Current legislation requires companies to communicate to the regulatory agency only cases of disqualification of hospital establishments, but not of other providers, such as doctors and laboratories.

The ANS also clarifies that operators have the right to reduce the hospital network as long as the calls are absorbed by other hospitals and with the express authorization of the agency.

In a note, Prevent Senior stated that it is restructuring its network of partners and that “a good part” of the disqualifications came from service providers, after the company disagreed with abusive readjustments of transfers. “The operator’s services and the medical care provided were not affected, despite possible occasional inconvenience”, informed the operator.

One of the disaccredited laboratory networks, the CDB (Diagnostic Center of Brazil), stated in a note that the decision to no longer serve the plan’s customers was Prevent Senior’s unilateral decision. “The laboratory continues with its doors open to customers through private service.”

Regarding the increase in the number of complaints from Prevent beneficiaries, ANS stated that the operator has been under a technical management system, a monitoring mechanism carried out by the body, since October 2021. “The agency reinforces that it is conducting investigations on the operator rigorously and carefully.”

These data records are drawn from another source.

(* For non-zero integers $a,b$ let $f_{a,b}:(0,\infty)\to(0,\infty)$, $f_{a,b}(z)=z^{a/b}$ (real positive branch), and let $I\subseteq(0,\infty)$ have non-empty interior. Then there exist uncountably many $\zeta\in\mathscr{L}\cap I$ such that, for all non-zero integers $a,b$, $f_{a,b}(\zeta)\in\mathscr{L}$ holds if and only if $a/b\in\mathbb{Z}$. In particular, for any fixed coprime non-zero integers $a,b$ with $|b|\geq2$, the set $f_{a,b}(\mathscr{L}\cap(0,\infty))\cap\mathscr{L}$ is uncountable but $f_{a,b}(\mathscr{L}\cap(0,\infty))\not\subseteq\mathscr{L}$.
   Context: $\mathscr{L}$ is the set of Liouville numbers (real irrational $\zeta$ such that for every $\eta>0$ there are infinitely many rationals $y/x$, $x\geq1$, with $|\zeta-y/x|\leq x^{-\eta}$). *)

theory Defs
  imports "HOL-Analysis.Analysis"
begin

text \<open>The rationals are counted via their representing pairs (x,y); for irrational zeta
this is equivalent to counting distinct rational values.\<close>
definition Liouville_set :: "real set" where
  "Liouville_set = {\<zeta>. \<zeta> \<notin> \<rat> \<and>
     (\<forall>\<eta>::real. \<eta> > 0 \<longrightarrow>
        infinite {(x::int, y::int). x \<ge> 1 \<and>
                   \<bar>\<zeta> - real_of_int y / real_of_int x\<bar> \<le> real_of_int x powr (- \<eta>)})}"

definition f_pow :: "int \<Rightarrow> int \<Rightarrow> real \<Rightarrow> real" where
  "f_pow a b z = z powr (real_of_int a / real_of_int b)"

end

theory Submission
  imports Defs
begin

text \<open>
  The witnesses are the numbers \<zeta>_S = A / 3^n_0 + \<Sum>_j d_j / 3^n_(j+1), where n_k = 2 (N+1) (k+1)!,
  d_j = 8 for j \<in> S and d_j = 4 otherwise, and A = 2 (mod 4) and N are chosen to place \<zeta>_S in
  the given interval; distinct sets S give distinct numbers. The partial sums p_k / q_k satisfy
  q_(k+1) = q_k^(k+2) and 0 < \<zeta>_S - p_k / q_k \<le> 12 / q_(k+1), so \<zeta>_S is a Liouville number,
  and integral powers of Liouville numbers are again Liouville numbers.

  Conversely let b not divide a and suppose that \<xi> = \<zeta>_S^(a/b) were a Liouville number. Take a
  very good approximation u / v of \<xi> and the index k with q_k^(a+1) \<le> v^E < q_(k+1)^(a+1),
  where E = 2b (a+1). Then (u/v)^b and (p_k/q_k)^a both lie closer than 1 / (2 v^b q_k^a) to
  \<xi>^b = \<zeta>_S^a, so they are equal: u^b q_k^a = p_k^a v^b. But p_k = A = 2 (mod 4) while q_k
  is odd, and comparing 2-adic valuations gives b | a.
\<close>

section \<open>Liouville numbers through inexact approximations\<close>

definition approx_of_order :: "real \<Rightarrow> real \<Rightarrow> int \<Rightarrow> int \<Rightarrow> bool" where
  "approx_of_order \<xi> \<eta> x y \<longleftrightarrow> 1 \<le> x \<and> \<bar>\<xi> - of_int y / of_int x\<bar> \<le> of_int x powr - \<eta>"

lemma approx_of_order_dist_le_1:
  assumes "approx_of_order \<xi> \<eta> x y" "0 \<le> \<eta>"
  shows "\<bar>\<xi> - of_int y / of_int x\<bar> \<le> 1"
proof -
  have "1 \<le> real_of_int x" using assms(1) by (simp add: approx_of_order_def)
  then have "real_of_int x powr - \<eta> \<le> real_of_int x powr 0"
    using assms(2) by (intro powr_mono) auto
  then have "real_of_int x powr - \<eta> \<le> 1"
    using \<open>1 \<le> real_of_int x\<close> by simp
  then show ?thesis
    using assms(1) by (auto simp: approx_of_order_def)
qed

lemma finite_approx_of_order_bounded_denominator:
  assumes "0 \<le> \<eta>"
  shows "finite {(x, y). approx_of_order \<xi> \<eta> x y \<and> x \<le> X}"
proof (rule finite_subset)
  define B where "B = \<lceil>of_int X * (\<bar>\<xi>\<bar> + 1)\<rceil>"
  show "{(x, y). approx_of_order \<xi> \<eta> x y \<and> x \<le> X} \<subseteq> {1..X} \<times> {-B..B}"
  proof
    fix p assume "p \<in> {(x, y). approx_of_order \<xi> \<eta> x y \<and> x \<le> X}"
    then obtain x y where p: "p = (x, y)" and app: "approx_of_order \<xi> \<eta> x y" and "x \<le> X"
      by blast
    then have x: "1 \<le> x" by (simp add: approx_of_order_def)
    have "\<bar>of_int y / of_int x\<bar> \<le> \<bar>\<xi>\<bar> + 1"
      using approx_of_order_dist_le_1[OF app assms] by linarith
    then have "\<bar>of_int y\<bar> \<le> of_int x * (\<bar>\<xi>\<bar> + 1)"
      using x by (simp add: abs_divide field_simps)
    also have "\<dots> \<le> of_int X * (\<bar>\<xi>\<bar> + 1)"
      using \<open>x \<le> X\<close> by (intro mult_right_mono) auto
    finally have "of_int \<bar>y\<bar> \<le> (of_int B :: real)"
      unfolding B_def of_int_abs using le_of_int_ceiling[of "of_int X * (\<bar>\<xi>\<bar> + 1)"] by linarith
    then have "\<bar>y\<bar> \<le> B" by (simp only: of_int_le_iff)
    with x p \<open>x \<le> X\<close> show "p \<in> {1..X} \<times> {-B..B}" by auto
  qed
qed simp

lemma infinite_approx_of_order_iff_unbounded:
  assumes "0 \<le> \<eta>"
  shows "infinite {(x, y). approx_of_order \<xi> \<eta> x y} \<longleftrightarrow> (\<forall>X. \<exists>x y. approx_of_order \<xi> \<eta> x y \<and> X < x)"
proof
  assume inf: "infinite {(x, y). approx_of_order \<xi> \<eta> x y}"
  show "\<forall>X. \<exists>x y. approx_of_order \<xi> \<eta> x y \<and> X < x"
  proof (rule ccontr)
    assume "\<not> ?thesis"
    then obtain X where "\<forall>x y. approx_of_order \<xi> \<eta> x y \<longrightarrow> x \<le> X"
      by (auto simp: not_less)
    then have "{(x, y). approx_of_order \<xi> \<eta> x y} = {(x, y). approx_of_order \<xi> \<eta> x y \<and> x \<le> X}"
      by auto
    with inf finite_approx_of_order_bounded_denominator[OF assms] show False
      by simp
  qed
next
  assume unb: "\<forall>X. \<exists>x y. approx_of_order \<xi> \<eta> x y \<and> X < x"
  show "infinite {(x, y). approx_of_order \<xi> \<eta> x y}"
  proof
    assume "finite {(x, y). approx_of_order \<xi> \<eta> x y}"
    then have fin: "finite (fst ` {(x, y). approx_of_order \<xi> \<eta> x y})" by simp
    obtain x y where "approx_of_order \<xi> \<eta> x y" "Max (insert 0 (fst ` {(x, y). approx_of_order \<xi> \<eta> x y})) < x"
      using unb by blast
    with fin show False by force
  qed
qed

lemma eq_if_dist_less_inverse_denominators:
  fixes m n d e :: int
  assumes "0 < d" "0 < e" "\<bar>of_int m / of_int d - of_int n / of_int e\<bar> < 1 / (of_int d * of_int e :: real)"
  shows "m * e = n * d"
proof -
  have "\<bar>of_int m / of_int d - of_int n / of_int e\<bar> = of_int \<bar>m * e - n * d\<bar> / (of_int d * of_int e :: real)"
    using assms by (simp add: field_simps abs_divide)
  with assms have "of_int \<bar>m * e - n * d\<bar> < (1 :: real)"
    by (simp add: divide_less_cancel)
  then have "\<bar>m * e - n * d\<bar> < 1" by (simp only: of_int_less_1_iff)
  then show ?thesis by simp
qed

text \<open>Demanding inexact approximations makes irrationality automatic: a rational m / d has no
  inexact approximation of order 2 with denominator beyond d.\<close>

lemma Liouville_set_iff:
  "\<xi> \<in> Liouville_set \<longleftrightarrow>
     (\<forall>\<eta>>0. \<forall>X. \<exists>x y. approx_of_order \<xi> \<eta> x y \<and> X < x \<and> of_int y / of_int x \<noteq> \<xi>)"
    (is "_ \<longleftrightarrow> ?inexact")
proof -
  have "{(x, y). 1 \<le> x \<and> \<bar>\<xi> - of_int y / of_int x\<bar> \<le> of_int x powr - \<eta>} = {(x, y). approx_of_order \<xi> \<eta> x y}"
    for \<eta> by (simp add: approx_of_order_def)
  then have L: "\<xi> \<in> Liouville_set \<longleftrightarrow> \<xi> \<notin> \<rat> \<and> (\<forall>\<eta>>0. \<forall>X. \<exists>x y. approx_of_order \<xi> \<eta> x y \<and> X < x)"
    unfolding Liouville_set_def by (simp add: infinite_approx_of_order_iff_unbounded)
  have "\<xi> \<notin> \<rat>" if ?inexact
  proof
    assume "\<xi> \<in> \<rat>"
    then obtain m d where d: "0 < d" and \<xi>: "\<xi> = of_int m / of_int d"
      by (auto elim: Rats_cases')
    obtain x y where app: "approx_of_order \<xi> 2 x y" and "d < x" and ne: "of_int y / of_int x \<noteq> \<xi>"
      using \<open>?inexact\<close> by (meson zero_less_numeral)
    then have x: "0 < x" by (simp add: approx_of_order_def)
    have "\<bar>\<xi> - of_int y / of_int x\<bar> \<le> 1 / (of_int x * of_int x)"
      using app x by (simp add: approx_of_order_def powr_minus_divide power2_eq_square)
    also have "\<dots> < 1 / (of_int d * of_int x)"
      using d x \<open>d < x\<close> by (intro divide_strict_left_mono) auto
    finally have "m * x = y * d"
      using d x unfolding \<xi> by (intro eq_if_dist_less_inverse_denominators) auto
    then show False
      using ne d x unfolding \<xi> by (simp add: field_simps flip: of_int_mult)
  qed
  moreover have "of_int y / of_int x \<noteq> \<xi>" if "\<xi> \<notin> \<rat>" for x y
    using that by auto
  ultimately show ?thesis
    unfolding L by (meson less_imp_le)
qed

section \<open>Integral powers of Liouville numbers\<close>

lemma abs_power_diff_le:
  fixes y z M :: real
  assumes "\<bar>y\<bar> \<le> M" "\<bar>z\<bar> \<le> M"
  shows "\<bar>y ^ m - z ^ m\<bar> \<le> real m * M ^ (m - 1) * \<bar>y - z\<bar>"
proof (cases "M = 0 \<or> m = 0")
  case True
  with assms show ?thesis by auto
next
  case False
  then have M: "0 < M" and m: "0 < m" using assms by auto
  have "\<bar>(y / M) ^ m - (z / M) ^ m\<bar> \<le> real m * \<bar>y / M - z / M\<bar>"
    using norm_power_diff[of "y / M" "z / M" m] assms M by (simp add: abs_divide)
  then have "\<bar>y ^ m - z ^ m\<bar> / M ^ m \<le> real m * \<bar>y - z\<bar> / M"
    using M by (simp add: power_divide abs_divide diff_divide_distrib[symmetric])
  moreover have "M ^ m = M ^ (m - 1) * M"
    using m by (simp add: power_eq_if)
  ultimately show ?thesis
    using M by (simp add: field_simps)
qed

lemma abs_power_diff_le_of_close:
  fixes y z :: real
  assumes "\<bar>y - z\<bar> \<le> 1"
  shows "\<bar>y ^ m - z ^ m\<bar> \<le> real m * (\<bar>y\<bar> + 1) ^ (m - 1) * \<bar>y - z\<bar>"
  using assms by (intro abs_power_diff_le) auto

lemma Liouville_set_irrational: "\<xi> \<in> Liouville_set \<Longrightarrow> \<xi> \<notin> \<rat>"
  by (simp add: Liouville_set_def)

lemma Liouville_set_uminus:
  assumes "\<xi> \<in> Liouville_set"
  shows "- \<xi> \<in> Liouville_set"
proof -
  have "approx_of_order (- \<xi>) \<eta> x (- y) \<and> of_int (- y) / of_int x \<noteq> - \<xi>"
    if "approx_of_order \<xi> \<eta> x y" "of_int y / of_int x \<noteq> \<xi>" for \<eta> x y
    using that by (auto simp: approx_of_order_def abs_minus_commute)
  with assms show ?thesis
    unfolding Liouville_set_iff by blast
qed

lemma Liouville_set_power:
  assumes \<zeta>: "\<zeta> \<in> Liouville_set" and m: "1 \<le> m"
  shows "\<zeta> ^ m \<in> Liouville_set"
  unfolding Liouville_set_iff
proof (intro allI impI)
  fix \<eta> :: real and X :: int
  assume "0 < \<eta>"
  define C where "C = real m * (\<bar>\<zeta>\<bar> + 1) ^ (m - 1)"
  have "0 < m * \<eta> + 1" using \<open>0 < \<eta>\<close> by (simp add: add_nonneg_pos)
  then obtain q p where app: "approx_of_order \<zeta> (m * \<eta> + 1) q p" and q: "max X \<lceil>C\<rceil> < q"
    and inexact: "of_int p / of_int q \<noteq> \<zeta>"
    using \<zeta> unfolding Liouville_set_iff by blast
  then have q1: "1 \<le> real_of_int q" and qC: "C < q" by (auto simp: approx_of_order_def) linarith
  have "\<bar>\<zeta> ^ m - of_int (p ^ m) / of_int (q ^ m)\<bar> \<le> C * \<bar>\<zeta> - of_int p / of_int q\<bar>"
    using abs_power_diff_le_of_close[of \<zeta> "of_int p / of_int q" m] approx_of_order_dist_le_1[OF app] \<open>0 < m * \<eta> + 1\<close>
    unfolding C_def by (simp add: power_divide)
  also have "\<dots> \<le> C * of_int q powr - (m * \<eta> + 1)"
    using app by (intro mult_left_mono) (auto simp: approx_of_order_def C_def)
  also have "\<dots> = (C / of_int q) * of_int (q ^ m) powr - \<eta>"
    using q1 by (simp add: powr_diff powr_powr flip: powr_realpow)
  also have "\<dots> \<le> of_int (q ^ m) powr - \<eta>"
    using qC q1 by (intro mult_left_le_one_le) (auto simp: C_def)
  finally have "approx_of_order (\<zeta> ^ m) \<eta> (q ^ m) (p ^ m)"
    using q1 by (simp add: approx_of_order_def)
  moreover have "X < q ^ m"
    using q self_le_power[of q m] q1 m by simp
  moreover have "of_int (p ^ m) / of_int (q ^ m) \<noteq> \<zeta> ^ m"
  proof
    assume "of_int (p ^ m) / of_int (q ^ m) = \<zeta> ^ m"
    then have "(of_int p / of_int q) ^ m = \<zeta> ^ m"
      by (simp add: power_divide)
    then have "\<bar>of_int p / of_int q\<bar> ^ m = \<bar>\<zeta>\<bar> ^ m"
      by (metis power_abs)
    then have "\<bar>\<zeta>\<bar> = \<bar>of_int p / of_int q\<bar>"
      using m by (simp add: power_eq_iff_eq_base)
    then show False
      using Liouville_set_irrational[OF \<zeta>] by (metis Rats_abs_iff Rats_divide Rats_of_int)
  qed
  ultimately show "\<exists>x y. approx_of_order (\<zeta> ^ m) \<eta> x y \<and> X < x \<and> of_int y / of_int x \<noteq> \<zeta> ^ m"
    by blast
qed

According to ANS, the numbers of complaints refer to manifestations that have not yet been appreciated and, therefore, do not necessarily represent infractions by the operator. Complaints are automatically directed to health operators, who have five to ten business days to send a response to the beneficiary.

Prevent Senior stated that the complaints to ANS are largely due to non-assistance complaints, such as delays in collection slips. This was due to the implementation of a new financial management system. “Prevent has resolution rates that reach almost 100% of complaints, and is working to reduce them.”

According to the lawyer specializing in the rights of users of health plans Marcos Patullo, the legislation allows the disqualification of the network of partners as long as companies replace it with an equivalent option. “This is usually quite controversial because the criterion of equivalent, in these cases, is subjective”, he says.

For example, the health care provider is not obligated to replace a doctor or laboratory in the same neighborhood or region as the non-accredited provider, according to the lawyer.

According to the company, in the case of the beneficiary who complained about the lack of orthopedists in the network, consultations were offered in units within the period recommended by the contract and legislation. “Due to the fact that the offices are not close to the beneficiary’s residence, they were refused by the patient”, he informed.​

In a note, the ANS stated that a survey is underway on providers discredited by Prevent Senior “to verify that the operator has complied with all regulatory standards”.

Health operators are required to inform changes in the care network up to 30 days in advance, according to the regulatory agency. If the rule is not followed, a fine of BRL 30,000 to BRL 50,000 is applied. The values ​​can increase up to 20 times if the infraction produces effects of a collective nature.